WHAT THIS TASK INVOLVES: In the entries below, find each line with the string "forall" and copy it.
:: RECORDS FOR THIS TASK ::
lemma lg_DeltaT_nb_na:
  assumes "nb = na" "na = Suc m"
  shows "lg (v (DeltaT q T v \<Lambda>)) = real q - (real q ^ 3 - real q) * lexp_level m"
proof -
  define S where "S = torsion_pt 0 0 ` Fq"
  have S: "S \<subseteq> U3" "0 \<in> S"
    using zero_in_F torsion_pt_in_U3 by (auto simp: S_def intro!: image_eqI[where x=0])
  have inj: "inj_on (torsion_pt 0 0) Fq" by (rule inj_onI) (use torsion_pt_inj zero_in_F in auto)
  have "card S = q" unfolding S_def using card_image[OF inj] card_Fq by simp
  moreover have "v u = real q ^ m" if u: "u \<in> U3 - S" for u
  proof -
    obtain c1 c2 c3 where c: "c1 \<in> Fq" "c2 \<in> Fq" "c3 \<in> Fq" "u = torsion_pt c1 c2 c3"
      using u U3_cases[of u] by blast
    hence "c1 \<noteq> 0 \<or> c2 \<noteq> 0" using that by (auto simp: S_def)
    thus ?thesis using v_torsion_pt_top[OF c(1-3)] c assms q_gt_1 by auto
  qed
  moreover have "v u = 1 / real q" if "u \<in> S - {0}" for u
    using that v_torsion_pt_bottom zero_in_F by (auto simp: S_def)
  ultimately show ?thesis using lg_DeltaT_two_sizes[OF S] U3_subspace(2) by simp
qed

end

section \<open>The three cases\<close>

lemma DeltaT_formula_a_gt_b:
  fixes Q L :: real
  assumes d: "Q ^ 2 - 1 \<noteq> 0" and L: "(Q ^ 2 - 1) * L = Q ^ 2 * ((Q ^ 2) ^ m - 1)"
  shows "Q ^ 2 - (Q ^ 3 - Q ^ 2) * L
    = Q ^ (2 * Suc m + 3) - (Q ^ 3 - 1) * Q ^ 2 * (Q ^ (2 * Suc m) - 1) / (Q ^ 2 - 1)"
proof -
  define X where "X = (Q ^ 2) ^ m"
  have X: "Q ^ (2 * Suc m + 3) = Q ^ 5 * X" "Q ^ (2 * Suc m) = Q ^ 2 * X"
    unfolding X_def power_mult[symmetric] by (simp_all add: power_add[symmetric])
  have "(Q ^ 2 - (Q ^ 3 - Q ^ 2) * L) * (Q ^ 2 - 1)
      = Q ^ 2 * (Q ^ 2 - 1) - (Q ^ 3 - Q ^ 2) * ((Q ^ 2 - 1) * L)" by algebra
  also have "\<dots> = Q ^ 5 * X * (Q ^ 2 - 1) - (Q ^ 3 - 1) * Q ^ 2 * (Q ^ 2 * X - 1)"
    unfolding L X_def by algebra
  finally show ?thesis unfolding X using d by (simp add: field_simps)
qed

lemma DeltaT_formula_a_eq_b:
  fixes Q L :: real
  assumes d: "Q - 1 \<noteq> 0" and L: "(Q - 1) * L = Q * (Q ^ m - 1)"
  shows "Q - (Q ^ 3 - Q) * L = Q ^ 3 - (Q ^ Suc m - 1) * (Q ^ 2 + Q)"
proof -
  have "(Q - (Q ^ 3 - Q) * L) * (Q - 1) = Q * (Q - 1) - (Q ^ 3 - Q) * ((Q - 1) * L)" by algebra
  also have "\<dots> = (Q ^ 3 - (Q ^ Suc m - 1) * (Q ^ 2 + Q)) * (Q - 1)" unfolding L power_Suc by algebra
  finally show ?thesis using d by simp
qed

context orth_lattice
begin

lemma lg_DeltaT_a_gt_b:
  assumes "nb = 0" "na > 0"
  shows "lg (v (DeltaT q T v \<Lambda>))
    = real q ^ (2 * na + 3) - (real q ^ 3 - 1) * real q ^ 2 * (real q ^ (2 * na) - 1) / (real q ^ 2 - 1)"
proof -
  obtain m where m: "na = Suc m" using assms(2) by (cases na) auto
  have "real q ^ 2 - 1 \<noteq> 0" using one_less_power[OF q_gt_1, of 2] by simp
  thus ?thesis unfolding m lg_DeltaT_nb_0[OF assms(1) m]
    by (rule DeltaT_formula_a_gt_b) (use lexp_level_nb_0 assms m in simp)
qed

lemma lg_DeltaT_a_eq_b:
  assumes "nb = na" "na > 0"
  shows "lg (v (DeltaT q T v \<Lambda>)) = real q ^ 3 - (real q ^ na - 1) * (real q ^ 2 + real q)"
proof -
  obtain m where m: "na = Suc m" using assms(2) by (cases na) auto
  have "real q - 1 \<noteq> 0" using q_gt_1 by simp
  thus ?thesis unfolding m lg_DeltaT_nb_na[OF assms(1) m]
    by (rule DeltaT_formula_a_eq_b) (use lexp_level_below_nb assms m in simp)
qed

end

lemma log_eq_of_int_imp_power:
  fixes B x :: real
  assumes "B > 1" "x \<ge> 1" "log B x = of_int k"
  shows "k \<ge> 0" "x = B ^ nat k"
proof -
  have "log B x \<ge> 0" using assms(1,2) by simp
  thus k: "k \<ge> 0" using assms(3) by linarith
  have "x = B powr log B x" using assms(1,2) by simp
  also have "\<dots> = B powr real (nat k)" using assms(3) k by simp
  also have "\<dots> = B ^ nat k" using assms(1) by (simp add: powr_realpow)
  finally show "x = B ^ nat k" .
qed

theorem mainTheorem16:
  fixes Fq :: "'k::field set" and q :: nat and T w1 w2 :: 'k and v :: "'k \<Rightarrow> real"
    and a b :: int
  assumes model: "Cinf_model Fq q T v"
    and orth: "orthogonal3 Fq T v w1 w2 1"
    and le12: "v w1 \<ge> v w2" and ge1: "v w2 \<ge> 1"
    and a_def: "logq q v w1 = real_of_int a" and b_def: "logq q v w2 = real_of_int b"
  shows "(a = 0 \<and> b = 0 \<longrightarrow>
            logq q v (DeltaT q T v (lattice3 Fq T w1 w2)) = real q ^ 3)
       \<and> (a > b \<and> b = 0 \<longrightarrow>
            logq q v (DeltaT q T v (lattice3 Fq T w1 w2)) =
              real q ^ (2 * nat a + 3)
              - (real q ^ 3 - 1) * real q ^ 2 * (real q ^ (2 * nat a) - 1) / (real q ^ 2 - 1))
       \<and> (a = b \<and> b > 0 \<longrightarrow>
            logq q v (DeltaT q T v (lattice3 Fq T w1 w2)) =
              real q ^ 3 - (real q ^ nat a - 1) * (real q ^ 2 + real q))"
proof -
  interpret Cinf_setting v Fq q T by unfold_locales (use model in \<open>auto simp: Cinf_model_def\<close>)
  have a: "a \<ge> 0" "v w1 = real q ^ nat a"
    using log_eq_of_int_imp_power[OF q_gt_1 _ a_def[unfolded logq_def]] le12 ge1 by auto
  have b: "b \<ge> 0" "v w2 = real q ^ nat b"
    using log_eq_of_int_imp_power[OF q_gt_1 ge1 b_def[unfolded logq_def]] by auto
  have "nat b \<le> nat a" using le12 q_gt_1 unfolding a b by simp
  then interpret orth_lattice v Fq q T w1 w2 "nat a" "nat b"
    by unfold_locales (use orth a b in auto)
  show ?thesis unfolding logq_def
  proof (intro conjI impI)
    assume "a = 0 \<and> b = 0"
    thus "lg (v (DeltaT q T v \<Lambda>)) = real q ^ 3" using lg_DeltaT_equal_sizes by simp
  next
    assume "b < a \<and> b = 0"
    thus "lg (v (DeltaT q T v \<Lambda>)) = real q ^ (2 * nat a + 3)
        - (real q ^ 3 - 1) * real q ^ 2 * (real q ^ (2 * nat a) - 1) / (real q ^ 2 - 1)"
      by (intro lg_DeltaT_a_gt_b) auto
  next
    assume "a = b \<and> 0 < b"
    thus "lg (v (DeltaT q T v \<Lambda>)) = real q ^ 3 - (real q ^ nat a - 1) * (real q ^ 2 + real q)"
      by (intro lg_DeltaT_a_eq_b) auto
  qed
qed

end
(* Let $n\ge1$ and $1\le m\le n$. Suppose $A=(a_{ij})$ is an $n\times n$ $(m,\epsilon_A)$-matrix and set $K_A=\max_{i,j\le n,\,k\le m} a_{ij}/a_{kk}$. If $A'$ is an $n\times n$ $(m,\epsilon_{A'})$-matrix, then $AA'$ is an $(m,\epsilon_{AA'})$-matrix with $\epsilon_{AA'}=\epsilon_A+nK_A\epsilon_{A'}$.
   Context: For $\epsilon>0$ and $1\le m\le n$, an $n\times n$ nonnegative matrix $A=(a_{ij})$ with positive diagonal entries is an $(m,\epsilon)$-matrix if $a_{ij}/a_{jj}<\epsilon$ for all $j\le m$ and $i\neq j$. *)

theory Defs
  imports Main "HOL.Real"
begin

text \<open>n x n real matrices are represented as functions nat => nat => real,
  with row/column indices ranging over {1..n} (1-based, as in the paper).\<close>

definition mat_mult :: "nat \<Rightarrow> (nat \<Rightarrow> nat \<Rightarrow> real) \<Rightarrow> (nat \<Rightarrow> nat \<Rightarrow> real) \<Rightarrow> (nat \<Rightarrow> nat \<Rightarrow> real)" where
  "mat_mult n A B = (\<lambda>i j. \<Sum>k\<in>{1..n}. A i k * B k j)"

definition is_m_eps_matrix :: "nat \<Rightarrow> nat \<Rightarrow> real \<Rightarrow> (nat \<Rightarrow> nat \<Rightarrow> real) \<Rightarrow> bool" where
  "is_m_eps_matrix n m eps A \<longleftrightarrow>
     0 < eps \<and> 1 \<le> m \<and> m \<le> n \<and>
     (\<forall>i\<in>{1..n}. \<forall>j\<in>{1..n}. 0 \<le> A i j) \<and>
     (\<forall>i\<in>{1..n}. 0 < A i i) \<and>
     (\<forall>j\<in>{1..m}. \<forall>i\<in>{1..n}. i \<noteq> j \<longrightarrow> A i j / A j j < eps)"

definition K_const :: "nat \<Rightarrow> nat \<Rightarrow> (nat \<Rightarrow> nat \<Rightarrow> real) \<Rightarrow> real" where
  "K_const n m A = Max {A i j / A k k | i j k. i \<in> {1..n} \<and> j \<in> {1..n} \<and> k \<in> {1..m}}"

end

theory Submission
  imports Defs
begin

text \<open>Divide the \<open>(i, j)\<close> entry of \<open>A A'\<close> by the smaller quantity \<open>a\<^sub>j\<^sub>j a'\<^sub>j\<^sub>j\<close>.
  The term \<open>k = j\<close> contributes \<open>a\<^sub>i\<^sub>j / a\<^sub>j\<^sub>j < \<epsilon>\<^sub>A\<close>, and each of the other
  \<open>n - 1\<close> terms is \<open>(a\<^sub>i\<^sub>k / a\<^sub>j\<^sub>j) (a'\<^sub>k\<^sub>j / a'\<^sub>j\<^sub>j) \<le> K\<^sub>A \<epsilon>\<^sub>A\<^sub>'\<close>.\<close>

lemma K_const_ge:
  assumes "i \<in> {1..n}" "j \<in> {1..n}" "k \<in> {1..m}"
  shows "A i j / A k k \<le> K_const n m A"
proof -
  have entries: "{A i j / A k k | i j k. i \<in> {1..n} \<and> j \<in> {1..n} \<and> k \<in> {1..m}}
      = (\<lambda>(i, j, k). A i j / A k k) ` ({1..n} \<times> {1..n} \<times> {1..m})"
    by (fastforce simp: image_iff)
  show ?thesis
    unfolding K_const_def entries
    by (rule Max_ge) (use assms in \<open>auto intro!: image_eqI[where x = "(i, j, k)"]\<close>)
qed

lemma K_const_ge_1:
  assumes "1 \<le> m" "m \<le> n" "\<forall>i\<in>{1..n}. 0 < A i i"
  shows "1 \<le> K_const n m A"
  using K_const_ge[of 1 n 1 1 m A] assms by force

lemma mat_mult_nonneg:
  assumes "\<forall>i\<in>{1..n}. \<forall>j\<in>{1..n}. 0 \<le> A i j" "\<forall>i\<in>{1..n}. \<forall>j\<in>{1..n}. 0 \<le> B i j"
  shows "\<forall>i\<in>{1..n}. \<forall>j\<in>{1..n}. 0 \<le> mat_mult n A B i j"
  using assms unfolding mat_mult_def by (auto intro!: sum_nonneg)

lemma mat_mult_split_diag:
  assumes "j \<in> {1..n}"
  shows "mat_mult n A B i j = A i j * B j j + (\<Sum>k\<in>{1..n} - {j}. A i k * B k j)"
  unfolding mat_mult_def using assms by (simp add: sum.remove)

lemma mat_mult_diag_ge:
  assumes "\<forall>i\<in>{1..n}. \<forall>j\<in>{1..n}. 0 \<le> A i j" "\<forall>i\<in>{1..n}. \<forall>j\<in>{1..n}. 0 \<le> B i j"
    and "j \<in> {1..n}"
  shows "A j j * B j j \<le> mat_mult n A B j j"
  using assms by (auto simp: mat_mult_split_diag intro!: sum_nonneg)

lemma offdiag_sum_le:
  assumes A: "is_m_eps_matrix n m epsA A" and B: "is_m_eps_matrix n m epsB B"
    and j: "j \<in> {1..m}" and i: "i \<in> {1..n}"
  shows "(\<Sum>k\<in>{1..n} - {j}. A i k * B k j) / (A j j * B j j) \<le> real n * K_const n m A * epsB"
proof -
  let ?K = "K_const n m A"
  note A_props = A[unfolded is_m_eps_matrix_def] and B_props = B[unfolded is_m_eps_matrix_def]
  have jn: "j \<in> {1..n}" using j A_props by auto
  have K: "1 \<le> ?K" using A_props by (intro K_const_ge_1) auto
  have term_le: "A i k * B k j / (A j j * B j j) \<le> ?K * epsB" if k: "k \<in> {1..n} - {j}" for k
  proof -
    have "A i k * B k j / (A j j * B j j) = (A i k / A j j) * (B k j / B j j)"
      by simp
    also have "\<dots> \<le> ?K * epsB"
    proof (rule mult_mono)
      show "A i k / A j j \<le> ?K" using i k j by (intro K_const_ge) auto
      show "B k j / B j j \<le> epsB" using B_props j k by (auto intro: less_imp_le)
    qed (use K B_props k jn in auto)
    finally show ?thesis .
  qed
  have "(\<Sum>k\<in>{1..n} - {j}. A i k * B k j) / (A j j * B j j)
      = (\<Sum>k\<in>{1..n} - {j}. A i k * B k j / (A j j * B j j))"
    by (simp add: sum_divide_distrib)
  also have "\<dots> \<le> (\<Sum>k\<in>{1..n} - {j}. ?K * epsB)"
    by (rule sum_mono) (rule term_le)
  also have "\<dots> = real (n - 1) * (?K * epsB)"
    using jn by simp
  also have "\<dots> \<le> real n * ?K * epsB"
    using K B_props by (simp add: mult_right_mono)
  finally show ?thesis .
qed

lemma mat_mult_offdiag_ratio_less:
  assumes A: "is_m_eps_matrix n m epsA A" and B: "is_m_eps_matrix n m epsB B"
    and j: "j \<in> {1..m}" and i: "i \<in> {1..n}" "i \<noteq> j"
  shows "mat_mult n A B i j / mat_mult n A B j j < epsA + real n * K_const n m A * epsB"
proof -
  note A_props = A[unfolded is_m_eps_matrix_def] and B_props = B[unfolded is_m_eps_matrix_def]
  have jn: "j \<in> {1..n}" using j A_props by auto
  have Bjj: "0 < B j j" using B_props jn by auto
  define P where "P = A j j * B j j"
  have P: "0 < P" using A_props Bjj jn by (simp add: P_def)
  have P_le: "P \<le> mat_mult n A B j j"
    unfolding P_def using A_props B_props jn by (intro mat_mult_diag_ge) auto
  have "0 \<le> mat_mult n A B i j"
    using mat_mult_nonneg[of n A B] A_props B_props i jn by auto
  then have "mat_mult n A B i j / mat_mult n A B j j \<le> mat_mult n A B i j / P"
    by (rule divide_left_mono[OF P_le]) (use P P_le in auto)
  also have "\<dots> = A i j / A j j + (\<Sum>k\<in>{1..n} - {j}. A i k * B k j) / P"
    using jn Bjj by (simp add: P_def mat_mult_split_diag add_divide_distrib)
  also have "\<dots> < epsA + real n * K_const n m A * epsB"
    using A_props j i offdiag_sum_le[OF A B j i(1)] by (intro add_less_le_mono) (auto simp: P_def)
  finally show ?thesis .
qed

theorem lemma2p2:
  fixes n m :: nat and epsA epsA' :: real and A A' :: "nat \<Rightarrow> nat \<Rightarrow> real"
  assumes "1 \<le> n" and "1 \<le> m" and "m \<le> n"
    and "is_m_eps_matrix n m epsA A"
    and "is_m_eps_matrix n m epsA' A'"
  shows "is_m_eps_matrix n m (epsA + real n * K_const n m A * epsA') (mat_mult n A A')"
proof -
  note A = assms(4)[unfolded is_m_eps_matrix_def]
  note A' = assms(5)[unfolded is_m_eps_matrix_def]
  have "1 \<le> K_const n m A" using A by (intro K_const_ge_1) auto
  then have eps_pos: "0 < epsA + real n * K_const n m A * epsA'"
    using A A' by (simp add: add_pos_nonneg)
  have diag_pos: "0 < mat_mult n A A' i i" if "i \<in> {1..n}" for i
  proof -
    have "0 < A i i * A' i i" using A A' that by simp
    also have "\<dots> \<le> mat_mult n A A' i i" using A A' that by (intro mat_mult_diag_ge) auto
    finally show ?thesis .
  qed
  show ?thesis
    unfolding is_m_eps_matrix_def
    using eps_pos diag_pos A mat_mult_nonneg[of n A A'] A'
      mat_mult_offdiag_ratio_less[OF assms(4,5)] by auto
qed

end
:::
WRITTEN RESPONSE:
     (\<forall>i\<in>{1..n}. \<forall>j\<in>{1..n}. 0 \<le> A i j) \<and>
     (\<forall>i\<in>{1..n}. 0 < A i i) \<and>
     (\<forall>j\<in>{1..m}. \<forall>i\<in>{1..n}. i \<noteq> j \<longrightarrow> A i j / A j j < eps)"
  assumes "1 \<le> m" "m \<le> n" "\<forall>i\<in>{1..n}. 0 < A i i"
  assumes "\<forall>i\<in>{1..n}. \<forall>j\<in>{1..n}. 0 \<le> A i j" "\<forall>i\<in>{1..n}. \<forall>j\<in>{1..n}. 0 \<le> B i j"
  shows "\<forall>i\<in>{1..n}. \<forall>j\<in>{1..n}. 0 \<le> mat_mult n A B i j"
  assumes "\<forall>i\<in>{1..n}. \<forall>j\<in>{1..n}. 0 \<le> A i j" "\<forall>i\<in>{1..n}. \<forall>j\<in>{1..n}. 0 \<le> B i j"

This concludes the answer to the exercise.